:: Task goal ::
When you answer, copy every line of the listing below exactly.
*** Data for the task ***
lemma deterministic_instruments_sample_cov:
  fixes Z eps eta :: "nat \<Rightarrow> 'a \<Rightarrow> real"
  assumes eps: "iid borel eps" "expectation (eps 0) = 0" "integrable M (\<lambda>\<omega>. (eps 0 \<omega>)\<^sup>2)"
    and eta: "iid borel eta" "expectation (eta 0) = 0" "integrable M (\<lambda>\<omega>. (eta 0 \<omega>)\<^sup>2)"
    and Z: "\<forall>i. \<forall>\<omega>\<in>space M. Z i \<omega> = z i"
    and z2: "(\<lambda>n. (\<Sum>i<n. (z i)\<^sup>2) / real n) \<longlonglongrightarrow> 1"
    and z1: "(\<lambda>n. (\<Sum>i<n. z i) / real n) \<longlonglongrightarrow> 0"
  shows "conv_in_prob M (\<lambda>n \<omega>. sample_cov (\<lambda>i. Z i \<omega>) (\<lambda>i. Z i \<omega>) n) 1"
    and "conv_in_prob M (\<lambda>n \<omega>. sample_cov (\<lambda>i. eps i \<omega>) (\<lambda>i. Z i \<omega>) n) 0"
    and "conv_in_prob M (\<lambda>n \<omega>. sample_cov (\<lambda>i. eta i \<omega>) (\<lambda>i. Z i \<omega>) n) 0"
  using conv_in_prob_sample_var_deterministic[OF Z z2 z1]
    conv_in_prob_sample_cov_deterministic[OF eps Z z2 z1]
    conv_in_prob_sample_cov_deterministic[OF eta Z z2 z1]
  by simp_all

lemma stochastic_instruments_sample_cov:
  fixes Z eps eta :: "nat \<Rightarrow> 'a \<Rightarrow> real"
  assumes eps: "iid borel eps" "expectation (eps 0) = 0" "integrable M (\<lambda>\<omega>. (eps 0 \<omega>)\<^sup>2)"
    and eta: "iid borel eta" "expectation (eta 0) = 0" "integrable M (\<lambda>\<omega>. (eta 0 \<omega>)\<^sup>2)"
    and Z: "iid borel Z" and Z4: "integrable M (\<lambda>\<omega>. (Z 0 \<omega>) ^ 4)" and "variance (Z 0) = 1"
    and indep: "indep_set (sets (vimage_algebra (space M) (\<lambda>\<omega> i. Z i \<omega>) (Pi\<^sub>M UNIV (\<lambda>_. borel))))
      (sets (vimage_algebra (space M) (\<lambda>\<omega> i. (eps i \<omega>, eta i \<omega>)) (Pi\<^sub>M UNIV (\<lambda>_. borel \<Otimes>\<^sub>M borel))))"
  shows "conv_in_prob M (\<lambda>n \<omega>. sample_cov (\<lambda>i. Z i \<omega>) (\<lambda>i. Z i \<omega>) n) 1"
    and "conv_in_prob M (\<lambda>n \<omega>. sample_cov (\<lambda>i. eps i \<omega>) (\<lambda>i. Z i \<omega>) n) 0"
    and "conv_in_prob M (\<lambda>n \<omega>. sample_cov (\<lambda>i. eta i \<omega>) (\<lambda>i. Z i \<omega>) n) 0"
proof -
  note [measurable] = iid_measurable[OF Z] iid_measurable[OF eps(1)] iid_measurable[OF eta(1)]
  show "conv_in_prob M (\<lambda>n \<omega>. sample_cov (\<lambda>i. Z i \<omega>) (\<lambda>i. Z i \<omega>) n) 1"
    using iid_sample_var_conv_in_prob[OF Z Z4] \<open>variance (Z 0) = 1\<close> by simp
  have Z_sq: "integrable M (\<lambda>\<omega>. (Z 0 \<omega>)\<^sup>2)"
    by (rule integrable_square_of_integrable_power4[OF _ Z4]) measurable
  have Z_seq: "(\<lambda>\<omega> i. Z i \<omega>) \<in> measurable M (Pi\<^sub>M UNIV (\<lambda>_. borel))"
    by (rule measurable_PiM_single') auto
  have errors: "(\<lambda>\<omega> i. (eps i \<omega>, eta i \<omega>)) \<in> measurable M (Pi\<^sub>M UNIV (\<lambda>_. borel \<Otimes>\<^sub>M borel))"
    by (rule measurable_PiM_single') (auto simp: space_pair_measure)
  have ident: "(\<lambda>v. v) \<in> measurable (Pi\<^sub>M UNIV (\<lambda>_. borel)) (Pi\<^sub>M UNIV (\<lambda>_. borel :: real measure))"
    by simp
  have seq_map: "(\<lambda>v i. k (v i)) \<in> measurable (Pi\<^sub>M UNIV (\<lambda>_. borel \<Otimes>\<^sub>M borel)) (Pi\<^sub>M UNIV (\<lambda>_. borel))"
    if "k \<in> borel_measurable (borel \<Otimes>\<^sub>M borel)" for k :: "real \<times> real \<Rightarrow> real"
    using that by (intro measurable_PiM_single') (auto intro: measurable_compose[OF measurable_component_singleton])
  have "indep_var (Pi\<^sub>M UNIV (\<lambda>_. borel)) (\<lambda>\<omega> i. Z i \<omega>) (Pi\<^sub>M UNIV (\<lambda>_. borel)) (\<lambda>\<omega> i. eps i \<omega>)"
    using indep_var_compose_of_indep_set_vimage_algebra[OF Z_seq errors indep ident seq_map[OF measurable_fst]]
    by simp
  moreover have "indep_var (Pi\<^sub>M UNIV (\<lambda>_. borel)) (\<lambda>\<omega> i. Z i \<omega>) (Pi\<^sub>M UNIV (\<lambda>_. borel)) (\<lambda>\<omega> i. eta i \<omega>)"
    using indep_var_compose_of_indep_set_vimage_algebra[OF Z_seq errors indep ident seq_map[OF measurable_snd]]
    by simp
  ultimately show "conv_in_prob M (\<lambda>n \<omega>. sample_cov (\<lambda>i. eps i \<omega>) (\<lambda>i. Z i \<omega>) n) 0"
    and "conv_in_prob M (\<lambda>n \<omega>. sample_cov (\<lambda>i. eta i \<omega>) (\<lambda>i. Z i \<omega>) n) 0"
    using indep_iid_sample_cov_conv_in_prob[OF eps Z Z_sq] indep_iid_sample_cov_conv_in_prob[OF eta Z Z_sq]
    by simp_all
qed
*** End of Data for the task ***
:: Your solution ::
lemma deterministic_instruments_sample_cov:
  fixes Z eps eta :: "nat \<Rightarrow> 'a \<Rightarrow> real"
  assumes eps: "iid borel eps" "expectation (eps 0) = 0" "integrable M (\<lambda>\<omega>. (eps 0 \<omega>)\<^sup>2)"
    and eta: "iid borel eta" "expectation (eta 0) = 0" "integrable M (\<lambda>\<omega>. (eta 0 \<omega>)\<^sup>2)"
    and Z: "\<forall>i. \<forall>\<omega>\<in>space M. Z i \<omega> = z i"
    and z2: "(\<lambda>n. (\<Sum>i<n. (z i)\<^sup>2) / real n) \<longlonglongrightarrow> 1"
    and z1: "(\<lambda>n. (\<Sum>i<n. z i) / real n) \<longlonglongrightarrow> 0"
  shows "conv_in_prob M (\<lambda>n \<omega>. sample_cov (\<lambda>i. Z i \<omega>) (\<lambda>i. Z i \<omega>) n) 1"
    and "conv_in_prob M (\<lambda>n \<omega>. sample_cov (\<lambda>i. eps i \<omega>) (\<lambda>i. Z i \<omega>) n) 0"
    and "conv_in_prob M (\<lambda>n \<omega>. sample_cov (\<lambda>i. eta i \<omega>) (\<lambda>i. Z i \<omega>) n) 0"
  using conv_in_prob_sample_var_deterministic[OF Z z2 z1]
    conv_in_prob_sample_cov_deterministic[OF eps Z z2 z1]
    conv_in_prob_sample_cov_deterministic[OF eta Z z2 z1]
  by simp_all

lemma stochastic_instruments_sample_cov:
  fixes Z eps eta :: "nat \<Rightarrow> 'a \<Rightarrow> real"
  assumes eps: "iid borel eps" "expectation (eps 0) = 0" "integrable M (\<lambda>\<omega>. (eps 0 \<omega>)\<^sup>2)"
    and eta: "iid borel eta" "expectation (eta 0) = 0" "integrable M (\<lambda>\<omega>. (eta 0 \<omega>)\<^sup>2)"
    and Z: "iid borel Z" and Z4: "integrable M (\<lambda>\<omega>. (Z 0 \<omega>) ^ 4)" and "variance (Z 0) = 1"
    and indep: "indep_set (sets (vimage_algebra (space M) (\<lambda>\<omega> i. Z i \<omega>) (Pi\<^sub>M UNIV (\<lambda>_. borel))))
      (sets (vimage_algebra (space M) (\<lambda>\<omega> i. (eps i \<omega>, eta i \<omega>)) (Pi\<^sub>M UNIV (\<lambda>_. borel \<Otimes>\<^sub>M borel))))"
  shows "conv_in_prob M (\<lambda>n \<omega>. sample_cov (\<lambda>i. Z i \<omega>) (\<lambda>i. Z i \<omega>) n) 1"
    and "conv_in_prob M (\<lambda>n \<omega>. sample_cov (\<lambda>i. eps i \<omega>) (\<lambda>i. Z i \<omega>) n) 0"
    and "conv_in_prob M (\<lambda>n \<omega>. sample_cov (\<lambda>i. eta i \<omega>) (\<lambda>i. Z i \<omega>) n) 0"
proof -
  note [measurable] = iid_measurable[OF Z] iid_measurable[OF eps(1)] iid_measurable[OF eta(1)]
  show "conv_in_prob M (\<lambda>n \<omega>. sample_cov (\<lambda>i. Z i \<omega>) (\<lambda>i. Z i \<omega>) n) 1"
    using iid_sample_var_conv_in_prob[OF Z Z4] \<open>variance (Z 0) = 1\<close> by simp
  have Z_sq: "integrable M (\<lambda>\<omega>. (Z 0 \<omega>)\<^sup>2)"
    by (rule integrable_square_of_integrable_power4[OF _ Z4]) measurable
  have Z_seq: "(\<lambda>\<omega> i. Z i \<omega>) \<in> measurable M (Pi\<^sub>M UNIV (\<lambda>_. borel))"
    by (rule measurable_PiM_single') auto
  have errors: "(\<lambda>\<omega> i. (eps i \<omega>, eta i \<omega>)) \<in> measurable M (Pi\<^sub>M UNIV (\<lambda>_. borel \<Otimes>\<^sub>M borel))"
    by (rule measurable_PiM_single') (auto simp: space_pair_measure)
  have ident: "(\<lambda>v. v) \<in> measurable (Pi\<^sub>M UNIV (\<lambda>_. borel)) (Pi\<^sub>M UNIV (\<lambda>_. borel :: real measure))"
    by simp
  have seq_map: "(\<lambda>v i. k (v i)) \<in> measurable (Pi\<^sub>M UNIV (\<lambda>_. borel \<Otimes>\<^sub>M borel)) (Pi\<^sub>M UNIV (\<lambda>_. borel))"
    if "k \<in> borel_measurable (borel \<Otimes>\<^sub>M borel)" for k :: "real \<times> real \<Rightarrow> real"
    using that by (intro measurable_PiM_single') (auto intro: measurable_compose[OF measurable_component_singleton])
  have "indep_var (Pi\<^sub>M UNIV (\<lambda>_. borel)) (\<lambda>\<omega> i. Z i \<omega>) (Pi\<^sub>M UNIV (\<lambda>_. borel)) (\<lambda>\<omega> i. eps i \<omega>)"
    using indep_var_compose_of_indep_set_vimage_algebra[OF Z_seq errors indep ident seq_map[OF measurable_fst]]
    by simp
  moreover have "indep_var (Pi\<^sub>M UNIV (\<lambda>_. borel)) (\<lambda>\<omega> i. Z i \<omega>) (Pi\<^sub>M UNIV (\<lambda>_. borel)) (\<lambda>\<omega> i. eta i \<omega>)"
    using indep_var_compose_of_indep_set_vimage_algebra[OF Z_seq errors indep ident seq_map[OF measurable_snd]]
    by simp
  ultimately show "conv_in_prob M (\<lambda>n \<omega>. sample_cov (\<lambda>i. eps i \<omega>) (\<lambda>i. Z i \<omega>) n) 0"
    and "conv_in_prob M (\<lambda>n \<omega>. sample_cov (\<lambda>i. eta i \<omega>) (\<lambda>i. Z i \<omega>) n) 0"
    using indep_iid_sample_cov_conv_in_prob[OF eps Z Z_sq] indep_iid_sample_cov_conv_in_prob[OF eta Z Z_sq]
    by simp_all
qed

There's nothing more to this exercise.